Your instructions →
Look below. Copy each line that has "rule" in it.

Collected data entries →

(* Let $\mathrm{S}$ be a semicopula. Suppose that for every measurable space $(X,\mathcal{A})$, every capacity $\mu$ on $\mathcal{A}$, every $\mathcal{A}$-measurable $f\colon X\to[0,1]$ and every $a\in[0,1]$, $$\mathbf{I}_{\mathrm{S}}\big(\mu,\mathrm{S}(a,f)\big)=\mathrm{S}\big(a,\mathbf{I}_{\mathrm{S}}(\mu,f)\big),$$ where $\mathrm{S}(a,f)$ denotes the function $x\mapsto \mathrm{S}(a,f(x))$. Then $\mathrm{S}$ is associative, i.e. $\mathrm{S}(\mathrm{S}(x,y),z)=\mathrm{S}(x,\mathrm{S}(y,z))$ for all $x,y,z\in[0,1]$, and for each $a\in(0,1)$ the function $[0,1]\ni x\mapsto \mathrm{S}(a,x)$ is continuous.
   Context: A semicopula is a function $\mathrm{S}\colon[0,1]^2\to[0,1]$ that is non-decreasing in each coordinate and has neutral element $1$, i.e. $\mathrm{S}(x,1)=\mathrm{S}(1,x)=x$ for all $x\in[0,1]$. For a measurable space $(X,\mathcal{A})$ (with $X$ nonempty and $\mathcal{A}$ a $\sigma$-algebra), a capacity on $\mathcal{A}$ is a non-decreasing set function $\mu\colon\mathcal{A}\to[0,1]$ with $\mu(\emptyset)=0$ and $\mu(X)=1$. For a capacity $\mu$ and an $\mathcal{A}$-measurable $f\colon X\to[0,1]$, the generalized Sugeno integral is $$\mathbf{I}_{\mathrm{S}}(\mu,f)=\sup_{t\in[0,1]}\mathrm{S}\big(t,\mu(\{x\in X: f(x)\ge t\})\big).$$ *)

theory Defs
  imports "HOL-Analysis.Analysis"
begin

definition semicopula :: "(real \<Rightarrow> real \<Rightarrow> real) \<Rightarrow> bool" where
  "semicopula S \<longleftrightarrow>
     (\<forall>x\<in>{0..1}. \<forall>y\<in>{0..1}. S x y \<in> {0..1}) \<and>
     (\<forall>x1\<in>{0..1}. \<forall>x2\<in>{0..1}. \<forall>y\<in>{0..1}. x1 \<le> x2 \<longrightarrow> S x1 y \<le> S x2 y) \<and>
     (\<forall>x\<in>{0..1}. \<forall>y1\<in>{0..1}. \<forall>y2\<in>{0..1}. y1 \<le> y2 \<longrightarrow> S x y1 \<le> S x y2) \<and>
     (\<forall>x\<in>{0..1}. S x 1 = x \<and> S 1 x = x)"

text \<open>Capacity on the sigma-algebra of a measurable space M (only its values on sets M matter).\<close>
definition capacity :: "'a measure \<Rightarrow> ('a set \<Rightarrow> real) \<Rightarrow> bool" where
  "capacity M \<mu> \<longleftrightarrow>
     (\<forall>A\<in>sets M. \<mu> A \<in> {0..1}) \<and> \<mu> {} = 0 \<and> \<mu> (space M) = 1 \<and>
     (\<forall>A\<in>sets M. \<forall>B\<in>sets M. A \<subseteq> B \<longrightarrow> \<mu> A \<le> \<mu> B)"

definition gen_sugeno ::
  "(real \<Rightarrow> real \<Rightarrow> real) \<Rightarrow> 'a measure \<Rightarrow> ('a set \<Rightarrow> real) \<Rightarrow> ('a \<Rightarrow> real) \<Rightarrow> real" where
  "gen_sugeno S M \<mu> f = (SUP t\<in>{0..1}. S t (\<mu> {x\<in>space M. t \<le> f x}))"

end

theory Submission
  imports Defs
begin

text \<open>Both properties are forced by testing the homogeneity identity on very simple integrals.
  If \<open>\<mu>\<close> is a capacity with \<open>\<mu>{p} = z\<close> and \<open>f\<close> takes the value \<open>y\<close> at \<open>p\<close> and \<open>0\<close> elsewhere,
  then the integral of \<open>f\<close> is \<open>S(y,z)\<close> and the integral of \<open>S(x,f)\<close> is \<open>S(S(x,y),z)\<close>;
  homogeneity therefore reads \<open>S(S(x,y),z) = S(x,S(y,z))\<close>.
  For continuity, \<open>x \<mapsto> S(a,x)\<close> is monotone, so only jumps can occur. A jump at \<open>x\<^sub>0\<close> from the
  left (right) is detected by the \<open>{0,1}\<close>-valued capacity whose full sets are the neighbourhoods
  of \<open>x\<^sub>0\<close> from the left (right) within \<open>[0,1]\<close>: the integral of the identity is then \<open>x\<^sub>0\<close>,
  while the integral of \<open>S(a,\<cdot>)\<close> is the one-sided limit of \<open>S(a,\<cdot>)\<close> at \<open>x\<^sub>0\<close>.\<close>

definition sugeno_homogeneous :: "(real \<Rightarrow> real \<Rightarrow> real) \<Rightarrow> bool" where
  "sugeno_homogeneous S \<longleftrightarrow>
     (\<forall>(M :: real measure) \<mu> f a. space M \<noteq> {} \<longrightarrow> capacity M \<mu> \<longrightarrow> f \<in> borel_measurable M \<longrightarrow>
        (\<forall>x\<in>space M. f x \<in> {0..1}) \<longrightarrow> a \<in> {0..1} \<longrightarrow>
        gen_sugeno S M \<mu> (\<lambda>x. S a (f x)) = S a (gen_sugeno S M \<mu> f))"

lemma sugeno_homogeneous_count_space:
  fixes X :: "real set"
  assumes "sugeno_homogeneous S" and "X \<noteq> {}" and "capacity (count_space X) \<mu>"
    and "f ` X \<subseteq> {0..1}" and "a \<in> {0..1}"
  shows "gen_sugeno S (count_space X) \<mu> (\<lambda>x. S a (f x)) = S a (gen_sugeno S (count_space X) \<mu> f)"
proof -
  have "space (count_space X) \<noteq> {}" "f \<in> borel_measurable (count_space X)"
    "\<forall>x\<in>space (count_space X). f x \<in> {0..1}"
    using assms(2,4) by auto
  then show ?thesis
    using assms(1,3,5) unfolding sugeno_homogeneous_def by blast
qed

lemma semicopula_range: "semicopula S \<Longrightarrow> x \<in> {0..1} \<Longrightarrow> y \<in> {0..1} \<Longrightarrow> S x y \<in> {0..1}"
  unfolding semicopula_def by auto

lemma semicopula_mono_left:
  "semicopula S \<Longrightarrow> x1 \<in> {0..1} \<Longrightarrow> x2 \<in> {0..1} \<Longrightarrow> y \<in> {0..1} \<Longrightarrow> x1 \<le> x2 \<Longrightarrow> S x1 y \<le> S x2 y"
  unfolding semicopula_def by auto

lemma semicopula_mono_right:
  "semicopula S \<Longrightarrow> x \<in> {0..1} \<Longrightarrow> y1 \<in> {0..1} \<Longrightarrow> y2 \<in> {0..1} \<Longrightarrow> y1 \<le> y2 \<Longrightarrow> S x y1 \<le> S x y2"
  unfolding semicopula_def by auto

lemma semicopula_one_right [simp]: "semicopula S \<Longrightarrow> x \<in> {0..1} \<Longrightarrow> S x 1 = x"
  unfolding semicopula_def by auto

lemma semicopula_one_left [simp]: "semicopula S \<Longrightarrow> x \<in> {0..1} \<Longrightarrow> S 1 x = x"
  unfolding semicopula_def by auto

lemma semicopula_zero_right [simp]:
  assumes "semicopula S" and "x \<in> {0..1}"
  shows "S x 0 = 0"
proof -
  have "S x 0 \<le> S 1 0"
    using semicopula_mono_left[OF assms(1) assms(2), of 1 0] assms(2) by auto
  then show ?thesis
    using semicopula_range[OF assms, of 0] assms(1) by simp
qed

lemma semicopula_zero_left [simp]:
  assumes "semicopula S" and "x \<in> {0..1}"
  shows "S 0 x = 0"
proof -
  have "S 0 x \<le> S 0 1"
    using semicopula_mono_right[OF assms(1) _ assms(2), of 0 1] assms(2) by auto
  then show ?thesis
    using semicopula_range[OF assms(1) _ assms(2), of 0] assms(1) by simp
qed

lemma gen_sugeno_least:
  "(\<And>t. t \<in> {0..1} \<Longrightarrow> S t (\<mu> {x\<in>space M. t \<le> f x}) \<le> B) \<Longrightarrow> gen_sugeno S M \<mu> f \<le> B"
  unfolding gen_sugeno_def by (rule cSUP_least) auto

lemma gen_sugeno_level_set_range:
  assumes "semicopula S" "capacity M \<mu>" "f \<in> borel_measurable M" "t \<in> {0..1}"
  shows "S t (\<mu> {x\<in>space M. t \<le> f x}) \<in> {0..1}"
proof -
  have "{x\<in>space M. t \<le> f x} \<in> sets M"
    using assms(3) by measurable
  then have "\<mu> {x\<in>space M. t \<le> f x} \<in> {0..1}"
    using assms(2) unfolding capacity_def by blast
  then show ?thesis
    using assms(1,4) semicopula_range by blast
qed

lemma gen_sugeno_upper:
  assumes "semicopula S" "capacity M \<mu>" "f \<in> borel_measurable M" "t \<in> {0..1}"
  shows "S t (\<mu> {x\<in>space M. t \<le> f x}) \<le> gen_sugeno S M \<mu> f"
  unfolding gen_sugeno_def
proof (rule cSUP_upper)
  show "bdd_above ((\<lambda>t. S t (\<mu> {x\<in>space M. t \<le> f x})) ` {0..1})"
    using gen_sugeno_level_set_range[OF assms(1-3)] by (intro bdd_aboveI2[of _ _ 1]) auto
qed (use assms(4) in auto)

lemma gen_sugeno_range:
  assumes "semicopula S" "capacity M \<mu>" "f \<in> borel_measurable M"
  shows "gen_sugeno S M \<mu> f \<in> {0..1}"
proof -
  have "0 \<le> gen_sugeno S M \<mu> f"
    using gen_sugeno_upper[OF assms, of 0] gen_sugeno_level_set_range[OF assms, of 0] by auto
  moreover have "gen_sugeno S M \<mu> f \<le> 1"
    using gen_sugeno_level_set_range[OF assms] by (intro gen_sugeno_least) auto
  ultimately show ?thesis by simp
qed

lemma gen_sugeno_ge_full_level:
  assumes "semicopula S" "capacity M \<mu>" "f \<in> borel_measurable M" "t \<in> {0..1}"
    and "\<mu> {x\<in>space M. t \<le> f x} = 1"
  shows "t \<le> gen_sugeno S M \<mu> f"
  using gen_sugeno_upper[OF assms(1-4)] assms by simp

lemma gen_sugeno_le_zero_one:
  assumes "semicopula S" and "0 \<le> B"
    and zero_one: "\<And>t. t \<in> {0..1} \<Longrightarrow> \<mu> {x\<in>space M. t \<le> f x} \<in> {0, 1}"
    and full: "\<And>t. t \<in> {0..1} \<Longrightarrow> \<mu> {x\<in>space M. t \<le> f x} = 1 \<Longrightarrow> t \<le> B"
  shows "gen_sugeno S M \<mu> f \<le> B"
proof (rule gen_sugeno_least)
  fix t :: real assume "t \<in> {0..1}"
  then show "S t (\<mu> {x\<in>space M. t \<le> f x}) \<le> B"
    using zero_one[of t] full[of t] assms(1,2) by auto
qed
...
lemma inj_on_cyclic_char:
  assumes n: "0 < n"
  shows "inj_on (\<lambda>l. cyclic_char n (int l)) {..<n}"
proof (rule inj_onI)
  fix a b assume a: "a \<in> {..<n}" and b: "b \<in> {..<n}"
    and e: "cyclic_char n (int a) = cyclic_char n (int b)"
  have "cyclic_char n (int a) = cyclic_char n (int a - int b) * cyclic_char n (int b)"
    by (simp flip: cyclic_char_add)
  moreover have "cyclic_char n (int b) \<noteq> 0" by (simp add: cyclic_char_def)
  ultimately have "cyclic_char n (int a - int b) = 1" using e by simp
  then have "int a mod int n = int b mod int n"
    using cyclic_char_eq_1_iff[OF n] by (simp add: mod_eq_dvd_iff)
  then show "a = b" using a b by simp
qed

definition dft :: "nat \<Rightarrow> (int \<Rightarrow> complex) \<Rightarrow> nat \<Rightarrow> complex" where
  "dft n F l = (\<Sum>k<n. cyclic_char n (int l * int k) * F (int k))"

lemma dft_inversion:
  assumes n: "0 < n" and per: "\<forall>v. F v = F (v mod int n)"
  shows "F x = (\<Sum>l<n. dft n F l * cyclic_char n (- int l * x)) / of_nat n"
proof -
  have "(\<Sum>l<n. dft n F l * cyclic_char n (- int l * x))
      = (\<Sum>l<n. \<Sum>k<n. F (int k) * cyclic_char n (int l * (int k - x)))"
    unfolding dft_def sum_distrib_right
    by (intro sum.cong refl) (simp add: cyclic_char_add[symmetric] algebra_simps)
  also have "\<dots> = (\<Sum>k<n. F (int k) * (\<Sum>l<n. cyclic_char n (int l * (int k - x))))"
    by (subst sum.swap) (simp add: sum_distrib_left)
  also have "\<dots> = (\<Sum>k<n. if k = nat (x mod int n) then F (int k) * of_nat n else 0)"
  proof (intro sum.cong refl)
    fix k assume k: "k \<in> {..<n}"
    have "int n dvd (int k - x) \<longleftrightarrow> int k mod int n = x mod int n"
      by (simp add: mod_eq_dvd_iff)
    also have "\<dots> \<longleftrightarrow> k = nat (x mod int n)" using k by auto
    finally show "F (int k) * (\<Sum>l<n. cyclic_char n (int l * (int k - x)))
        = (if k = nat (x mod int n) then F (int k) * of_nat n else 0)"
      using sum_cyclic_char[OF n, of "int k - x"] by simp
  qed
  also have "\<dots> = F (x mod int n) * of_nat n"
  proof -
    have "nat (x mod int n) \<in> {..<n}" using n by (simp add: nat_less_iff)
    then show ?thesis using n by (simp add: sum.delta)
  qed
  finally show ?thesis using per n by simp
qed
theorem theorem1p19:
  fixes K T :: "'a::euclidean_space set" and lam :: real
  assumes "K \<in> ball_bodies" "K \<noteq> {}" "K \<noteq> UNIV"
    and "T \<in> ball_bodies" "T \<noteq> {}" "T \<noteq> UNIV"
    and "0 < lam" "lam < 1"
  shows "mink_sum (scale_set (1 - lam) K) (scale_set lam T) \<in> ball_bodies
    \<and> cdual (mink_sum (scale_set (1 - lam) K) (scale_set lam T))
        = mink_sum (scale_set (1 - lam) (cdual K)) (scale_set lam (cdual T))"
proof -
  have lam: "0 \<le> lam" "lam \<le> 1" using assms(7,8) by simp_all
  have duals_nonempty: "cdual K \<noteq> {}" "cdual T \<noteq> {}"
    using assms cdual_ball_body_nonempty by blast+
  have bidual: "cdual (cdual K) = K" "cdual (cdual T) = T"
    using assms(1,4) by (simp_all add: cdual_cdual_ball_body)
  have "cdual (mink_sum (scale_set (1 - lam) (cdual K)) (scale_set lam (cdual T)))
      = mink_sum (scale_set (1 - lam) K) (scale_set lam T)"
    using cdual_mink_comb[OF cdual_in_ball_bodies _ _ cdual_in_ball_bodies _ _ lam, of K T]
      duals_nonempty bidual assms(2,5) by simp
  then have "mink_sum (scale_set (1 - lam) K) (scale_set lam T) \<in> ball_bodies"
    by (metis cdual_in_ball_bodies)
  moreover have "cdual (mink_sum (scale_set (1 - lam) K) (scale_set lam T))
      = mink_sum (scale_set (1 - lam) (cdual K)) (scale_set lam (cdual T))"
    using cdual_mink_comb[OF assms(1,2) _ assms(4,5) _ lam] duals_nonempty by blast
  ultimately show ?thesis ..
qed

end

Task response →
  unfolding gen_sugeno_def by (rule cSUP_least) auto
proof (rule cSUP_upper)
proof (rule gen_sugeno_least)
proof (rule inj_onI)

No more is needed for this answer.